The ramblings of Mr Pott always bring a smile to my face and this one,  exploring the evil empire and protracted death spirals of various industries, is no exception.

As an aside, I have no idea how Trevor finds the time to write this stuff (isn’t he supposed to be sys-adminning?) but it is much appreciated. Anyway …

My attention was caught with the IT stuff that starts half way through – oracle, hp, apple cisco – I would be interested in what you think.

I have been a long believer in x86, commodity operating systems, virtualisation – these are the substantive technologies that you can deploy right now to give fantastic flexibility.

And if you are worried about the resiliency – just search for ‘uptime assurance’ and worry no more.


I guess it is no surprise to see a bit of a droop in UK server sales in Q4 due to the current economics and disk drive shortages …

Here are some interesting nuggets from Nathaniel at IDC though, especially about vastly shrinking unix deployments, which are being replaced by a more flexible X86 architecture.

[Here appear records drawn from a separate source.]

definition is_scm :: "'v set \<Rightarrow> ('v \<Rightarrow> 'a set) \<Rightarrow> ('v, 'a, 'u) scm \<Rightarrow> bool" where
  "is_scm V D M \<longleftrightarrow>
     finite V \<and> (\<forall>W\<in>V. finite (D W) \<and> D W \<noteq> {}) \<and>
     (\<forall>W\<in>V. scm_pa M W \<subseteq> V - {W}) \<and>
     acyclic (scm_edges V M) \<and>
     prob_space (scm_P M) \<and>
     (\<forall>W\<in>V. \<forall>u\<in>space (scm_P M). \<forall>v\<in>PiE V D. scm_f M W u v \<in> D W) \<and>
     (\<forall>W\<in>V. \<forall>u v v'. (\<forall>Z\<in>scm_pa M W. v Z = v' Z) \<longrightarrow> scm_f M W u v = scm_f M W u v') \<and>
     (\<forall>W\<in>V. \<forall>v\<in>PiE V D. (\<lambda>u. scm_f M W u v) \<in> measurable (scm_P M) (count_space UNIV))"

definition solve :: "'v set \<Rightarrow> ('v \<Rightarrow> 'a set) \<Rightarrow> ('v, 'a, 'u) scm \<Rightarrow> 'v set \<Rightarrow> ('v \<Rightarrow> 'a) \<Rightarrow> 'u \<Rightarrow> ('v \<Rightarrow> 'a)" where
  "solve V D M X x u =
     (THE v. v \<in> PiE V D \<and> (\<forall>W\<in>V. v W = (if W \<in> X then x W else scm_f M W u v)))"

text \<open>Counterfactual probability P(y1_[x1], y2_[x2], ...); a term is (Y, X, x, y).\<close>
definition cf_prob :: "'v set \<Rightarrow> ('v \<Rightarrow> 'a set) \<Rightarrow> ('v, 'a, 'u) scm \<Rightarrow>
    ('v set \<times> 'v set \<times> ('v \<Rightarrow> 'a) \<times> ('v \<Rightarrow> 'a)) list \<Rightarrow> real" where
  "cf_prob V D M ts = measure (scm_P M)
     {u \<in> space (scm_P M). \<forall>(Y, X, x, y) \<in> set ts. restrict (solve V D M X x u) Y = y}"
(* Let $k$ be a field and $\mathsf{E}$ a left strictly locally finite $k$-linear category. Then the class of cofinite right $\mathsf{E}$-modules is closed under extensions in the category of right $\mathsf{E}$-modules: if $0\to L\to M\to N\to0$ is a short exact sequence of right $\mathsf{E}$-modules with $L$ and $N$ cofinite, then $M$ is cofinite.
   Context: A small $k$-linear category $\mathsf{E}$ has $k$-vector spaces $\operatorname{Hom}_\mathsf{E}(x,y)$, $k$-bilinear associative composition and identities with $\mathrm{id}_x\ne0$. A right $\mathsf{E}$-module is a $k$-linear functor $N:\mathsf{E}^{op}\to k\text{-Vect}$ (action maps $\operatorname{Hom}_\mathsf{E}(x,y)\otimes_kN(y)\to N(x)$). Write $x\preceq y$ if there are $n\ge1$ and objects $x=z_0,\dots,z_n=y$ with $\operatorname{Hom}_\mathsf{E}(z_{i-1},z_i)\neq0$ for all $i$; $x\prec y$ means $x\preceq y$ and not $y\preceq x$. $\mathsf{E}$ is locally finite if all Hom spaces are finite-dimensional and every $\{z:x\preceq z\preceq y\}$ is finite; left strictly locally finite if moreover for every $y$ there is a finite set $X_y$ of objects with $x\prec y$ for $x\in X_y$ such that every $f:z\to y$ with $z\prec y$ equals $\sum_{i=1}^nh_ig_i$ ($n\ge0$) with $g_i:z\to x_i$, $h_i:x_i\to y$, $x_i\in X_y$. A right $\mathsf{E}$-module $N$ is cofinite if for every object $y$ there is a finite set of objects $A$ such that the action map $\operatorname{Hom}_\mathsf{E}(x,y)\otimes_kN(y)\to N(x)$ vanishes for all $x\notin A$. *)

theory Defs
  imports Complex_Main
begin

(* All morphisms live in one ambient k-vector space 'm (scalar multiplication sc);
   Hom x y is a k-subspace of it, cmp g f is "g after f" for f : x -> y, g : y -> z,
   and ide x is the identity of x. *)
definition klinear_cat ::
  "('k::field \<Rightarrow> 'm::ab_group_add \<Rightarrow> 'm) \<Rightarrow> ('o \<Rightarrow> 'o \<Rightarrow> 'm set)
   \<Rightarrow> ('m \<Rightarrow> 'm \<Rightarrow> 'm) \<Rightarrow> ('o \<Rightarrow> 'm) \<Rightarrow> bool" where
  "klinear_cat sc Hom cmp ide \<longleftrightarrow>
     vector_space sc \<and>
     (\<forall>x y. module.subspace sc (Hom x y)) \<and>
     (\<forall>x y z f g. f \<in> Hom x y \<longrightarrow> g \<in> Hom y z \<longrightarrow> cmp g f \<in> Hom x z) \<and>
     (\<forall>x y z f f' g c. f \<in> Hom x y \<longrightarrow> f' \<in> Hom x y \<longrightarrow> g \<in> Hom y z \<longrightarrow>
          cmp g (f + f') = cmp g f + cmp g f' \<and> cmp g (sc c f) = sc c (cmp g f)) \<and>
     (\<forall>x y z f g g' c. f \<in> Hom x y \<longrightarrow> g \<in> Hom y z \<longrightarrow> g' \<in> Hom y z \<longrightarrow>
          cmp (g + g') f = cmp g f + cmp g' f \<and> cmp (sc c g) f = sc c (cmp g f)) \<and>
     (\<forall>w x y z f g h. f \<in> Hom w x \<longrightarrow> g \<in> Hom x y \<longrightarrow> h \<in> Hom y z \<longrightarrow>
          cmp h (cmp g f) = cmp (cmp h g) f) \<and>
     (\<forall>x. ide x \<in> Hom x x \<and> ide x \<noteq> 0) \<and>
     (\<forall>x y f. f \<in> Hom x y \<longrightarrow> cmp (ide y) f = f \<and> cmp f (ide x) = f)"
(* Let $S$ be an idempotent semiring and define the relation $\sigma^*$ on $S$ by: $a\,\sigma^*\, b$ if and only if there exists $x\in S$ such that $axbxa=axbxa+a+axbxa$ and $bxaxb=bxaxb+b+bxaxb$. Then $\sigma^*$ is the least distributive lattice congruence on $S$.
   Context: An idempotent semiring is an algebra $(S,+,\cdot)$ with two binary operations such that $(S,+)$ and $(S,\cdot)$ are bands (associative, with $x+x=x$ and $xx=x$), and both distributive laws $x(y+z)=xy+xz$ and $(x+y)z=xz+yz$ hold; addition is not assumed commutative. A distributive lattice congruence on $S$ is a congruence $\rho$ such that $S/\rho$ is a distributive lattice, i.e. $S/\rho$ satisfies $x+y\approx y+x$, $xy\approx yx$ and $x+xy\approx x$. *)

theory Defs
  imports Main
begin

text \<open>An idempotent semiring on the whole type 'a, with addition pl and multiplication ml
  (addition not assumed commutative).\<close>
definition idem_semiring :: "('a \<Rightarrow> 'a \<Rightarrow> 'a) \<Rightarrow> ('a \<Rightarrow> 'a \<Rightarrow> 'a) \<Rightarrow> bool" where
  "idem_semiring pl ml \<longleftrightarrow>
     (\<forall>x y z. pl (pl x y) z = pl x (pl y z)) \<and> (\<forall>x. pl x x = x) \<and>
     (\<forall>x y z. ml (ml x y) z = ml x (ml y z)) \<and> (\<forall>x. ml x x = x) \<and>
     (\<forall>x y z. ml x (pl y z) = pl (ml x y) (ml x z)) \<and>
     (\<forall>x y z. ml (pl x y) z = pl (ml x z) (ml y z))"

Has it really taken this long for some of our distinguished IT departments to cotton onto this?

Also amused that mainframes provide the ultimate resilience – fault tolerant X86 servers have provided the same for many years now, running commercially available operating systems and virtualisation platforms.

Please, distinguished IT departments, don’t take so long this time to realise that huge cost savings came be made and that uptime can be assured on X86 – you need not go out and buy a mainframe.